● ASSIGNED TASK:
An unaltered copy of every line below is the expected output.
##### DATA TO USE #####
text \<open>Every point of a sheet first moves along a level-preserving segment into the
  plane \<open>p\<^sub>3 = 0\<close>.\<close>
lemma sheet_path_component_base:
  assumes p: "p \<in> sheet c"
  shows "path_component (sheet c) p (vector [0, c, 0])"
proof -
  note path_component_trans [trans]
  obtain x y z where p_eq: "p = vector [x, y, z]"
    using vector_3_eta by blast
  show ?thesis
  proof (cases "x \<in> \<rat>")
    case True
    then have y: "y \<in> rat_coset c" using p by (simp add: sheet_def p_eq level_vector)
    have "path_component (sheet c) p (vector [x, y, 0])"
      unfolding p_eq by (intro path_component_linepath sheet_segment_p3 True y)
    also have "path_component (sheet c) \<dots> (vector [0, c, 0])"
      by (rule sheet_path_component_plane[OF y])
    finally show ?thesis .
  next
    case False
    then have y: "y - z \<in> rat_coset c" using p by (simp add: sheet_def p_eq level_vector)
    have "path_component (sheet c) p (vector [x, y - z, 0])"
      unfolding p_eq by (intro path_component_linepath sheet_segment_diagonal False y) simp
    also have "path_component (sheet c) \<dots> (vector [0, c, 0])"
      by (rule sheet_path_component_plane[OF y])
    finally show ?thesis .
  qed
qed

lemma arcwise_connected_iff_path_connected:
  fixes S :: "'a::{complete_space,real_normed_vector} set"
  shows "arcwise_connected S \<longleftrightarrow> path_connected S"
  by (simp add: arcwise_connected_def path_connected_arcwise)

lemma sheet_arcwise_connected: "arcwise_connected (sheet c)"
  unfolding arcwise_connected_iff_path_connected path_connected_component
proof (intro ballI)
  fix p q assume "p \<in> sheet c" "q \<in> sheet c"
  then have "path_component (sheet c) p (vector [0, c, 0])"
    and "path_component (sheet c) q (vector [0, c, 0])"
    by (simp_all add: sheet_path_component_base)
  then show "path_component (sheet c) p q"
    using path_component_trans path_component_sym by metis
qed

text \<open>Points with \<open>p\<^sub>1 \<in> \<rat>\<close> and \<open>p\<^sub>2 \<in> c + \<rat>\<close> lie in \<open>sheet c\<close> and are dense.\<close>
lemma sheet_dense: "closure (sheet c) = UNIV"
proof -
  have "p \<in> closure (sheet c)" for p :: "real^3"
    unfolding closure_approachable
  proof (intro allI impI)
    fix e :: real assume e: "e > 0"
    obtain q1 where q1: "q1 \<in> \<rat>" "p$1 < q1" "q1 < p$1 + e/2"
      using Rats_dense_in_real[of "p$1" "p$1 + e/2"] e by auto
    obtain q2 where q2: "q2 \<in> \<rat>" "p$2 - c < q2" "q2 < p$2 - c + e/2"
      using Rats_dense_in_real[of "p$2 - c" "p$2 - c + e/2"] e by auto
    define x :: "real^3" where "x = vector [q1, c + q2, p$3]"
    have "x \<in> sheet c"
      using q1 q2 by (simp add: x_def sheet_def level_vector rat_coset_iff)
    moreover have "dist x p < e"
    proof -
      have "dist x p \<le> (\<Sum>i\<in>UNIV. \<bar>(x - p)$i\<bar>)"
        unfolding dist_norm by (rule norm_le_l1_cart)
      also have "\<dots> = \<bar>q1 - p$1\<bar> + \<bar>c + q2 - p$2\<bar>"
        by (simp add: sum_3 x_def vector_3)
      also have "\<dots> < e" using q1 q2 by auto
      finally show ?thesis .
    qed
    ultimately show "\<exists>x\<in>sheet c. dist x p < e" by blast
  qed
  then show ?thesis by auto
qed

theorem theorem1:
  shows "\<exists>P :: (real^3) set set.
           \<Union>P = UNIV \<and> {} \<notin> P \<and> disjoint P \<and>
           P \<approx> (UNIV :: nat set set) \<and>
           (\<forall>S\<in>P. arcwise_connected S \<and> closure S = UNIV)"
proof -
  have sheets: "range sheet = (-`) level ` range rat_coset"
    unfolding sheet_def by auto
  have part: "partition_on UNIV (range sheet)"
    unfolding sheets by (rule partition_on_vimage_surj(1)[OF surj_level partition_rat_cosets])
  have "range sheet \<approx> range rat_coset"
    unfolding sheets by (rule partition_on_vimage_surj(2)[OF surj_level partition_rat_cosets])
  also note rat_cosets_eqpoll_reals
  also note nat_sets_eqpoll_reals[THEN eqpoll_sym]
  finally have card: "range sheet \<approx> (UNIV :: nat set set)" .
  show ?thesis
  proof (intro exI conjI)
    show "\<Union>(range sheet) = UNIV" using partition_onD1[OF part] by simp
    show "{} \<notin> range sheet" using partition_onD3[OF part] .
    show "disjoint (range sheet)" using partition_onD2[OF part] .
    show "range sheet \<approx> (UNIV :: nat set set)" by (rule card)
    show "\<forall>S\<in>range sheet. arcwise_connected S \<and> closure S = UNIV"
      using sheet_arcwise_connected sheet_dense by blast
  qed
qed

end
#####
● TASK RESULT:
text \<open>Every point of a sheet first moves along a level-preserving segment into the
  plane \<open>p\<^sub>3 = 0\<close>.\<close>
lemma sheet_path_component_base:
  assumes p: "p \<in> sheet c"
  shows "path_component (sheet c) p (vector [0, c, 0])"
proof -
  note path_component_trans [trans]
  obtain x y z where p_eq: "p = vector [x, y, z]"
    using vector_3_eta by blast
  show ?thesis
  proof (cases "x \<in> \<rat>")
    case True
    then have y: "y \<in> rat_coset c" using p by (simp add: sheet_def p_eq level_vector)
    have "path_component (sheet c) p (vector [x, y, 0])"
      unfolding p_eq by (intro path_component_linepath sheet_segment_p3 True y)
    also have "path_component (sheet c) \<dots> (vector [0, c, 0])"
      by (rule sheet_path_component_plane[OF y])
    finally show ?thesis .
  next
    case False
    then have y: "y - z \<in> rat_coset c" using p by (simp add: sheet_def p_eq level_vector)
    have "path_component (sheet c) p (vector [x, y - z, 0])"
      unfolding p_eq by (intro path_component_linepath sheet_segment_diagonal False y) simp
    also have "path_component (sheet c) \<dots> (vector [0, c, 0])"
      by (rule sheet_path_component_plane[OF y])
    finally show ?thesis .
  qed
qed

lemma arcwise_connected_iff_path_connected:
  fixes S :: "'a::{complete_space,real_normed_vector} set"
  shows "arcwise_connected S \<longleftrightarrow> path_connected S"
  by (simp add: arcwise_connected_def path_connected_arcwise)

lemma sheet_arcwise_connected: "arcwise_connected (sheet c)"
  unfolding arcwise_connected_iff_path_connected path_connected_component
proof (intro ballI)
  fix p q assume "p \<in> sheet c" "q \<in> sheet c"
  then have "path_component (sheet c) p (vector [0, c, 0])"
    and "path_component (sheet c) q (vector [0, c, 0])"
    by (simp_all add: sheet_path_component_base)
  then show "path_component (sheet c) p q"
    using path_component_trans path_component_sym by metis
qed

text \<open>Points with \<open>p\<^sub>1 \<in> \<rat>\<close> and \<open>p\<^sub>2 \<in> c + \<rat>\<close> lie in \<open>sheet c\<close> and are dense.\<close>
lemma sheet_dense: "closure (sheet c) = UNIV"
proof -
  have "p \<in> closure (sheet c)" for p :: "real^3"
    unfolding closure_approachable
  proof (intro allI impI)
    fix e :: real assume e: "e > 0"
    obtain q1 where q1: "q1 \<in> \<rat>" "p$1 < q1" "q1 < p$1 + e/2"
      using Rats_dense_in_real[of "p$1" "p$1 + e/2"] e by auto
    obtain q2 where q2: "q2 \<in> \<rat>" "p$2 - c < q2" "q2 < p$2 - c + e/2"
      using Rats_dense_in_real[of "p$2 - c" "p$2 - c + e/2"] e by auto
    define x :: "real^3" where "x = vector [q1, c + q2, p$3]"
    have "x \<in> sheet c"
      using q1 q2 by (simp add: x_def sheet_def level_vector rat_coset_iff)
    moreover have "dist x p < e"
    proof -
      have "dist x p \<le> (\<Sum>i\<in>UNIV. \<bar>(x - p)$i\<bar>)"
        unfolding dist_norm by (rule norm_le_l1_cart)
      also have "\<dots> = \<bar>q1 - p$1\<bar> + \<bar>c + q2 - p$2\<bar>"
        by (simp add: sum_3 x_def vector_3)
      also have "\<dots> < e" using q1 q2 by auto
      finally show ?thesis .
    qed
    ultimately show "\<exists>x\<in>sheet c. dist x p < e" by blast
  qed
  then show ?thesis by auto
qed

theorem theorem1:
  shows "\<exists>P :: (real^3) set set.
           \<Union>P = UNIV \<and> {} \<notin> P \<and> disjoint P \<and>
           P \<approx> (UNIV :: nat set set) \<and>
           (\<forall>S\<in>P. arcwise_connected S \<and> closure S = UNIV)"
proof -
  have sheets: "range sheet = (-`) level ` range rat_coset"
    unfolding sheet_def by auto
  have part: "partition_on UNIV (range sheet)"
    unfolding sheets by (rule partition_on_vimage_surj(1)[OF surj_level partition_rat_cosets])
  have "range sheet \<approx> range rat_coset"
    unfolding sheets by (rule partition_on_vimage_surj(2)[OF surj_level partition_rat_cosets])
  also note rat_cosets_eqpoll_reals
  also note nat_sets_eqpoll_reals[THEN eqpoll_sym]
  finally have card: "range sheet \<approx> (UNIV :: nat set set)" .
  show ?thesis
  proof (intro exI conjI)
    show "\<Union>(range sheet) = UNIV" using partition_onD1[OF part] by simp
    show "{} \<notin> range sheet" using partition_onD3[OF part] .
    show "disjoint (range sheet)" using partition_onD2[OF part] .
    show "range sheet \<approx> (UNIV :: nat set set)" by (rule card)
    show "\<forall>S\<in>range sheet. arcwise_connected S \<and> closure S = UNIV"
      using sheet_arcwise_connected sheet_dense by blast
  qed
qed

end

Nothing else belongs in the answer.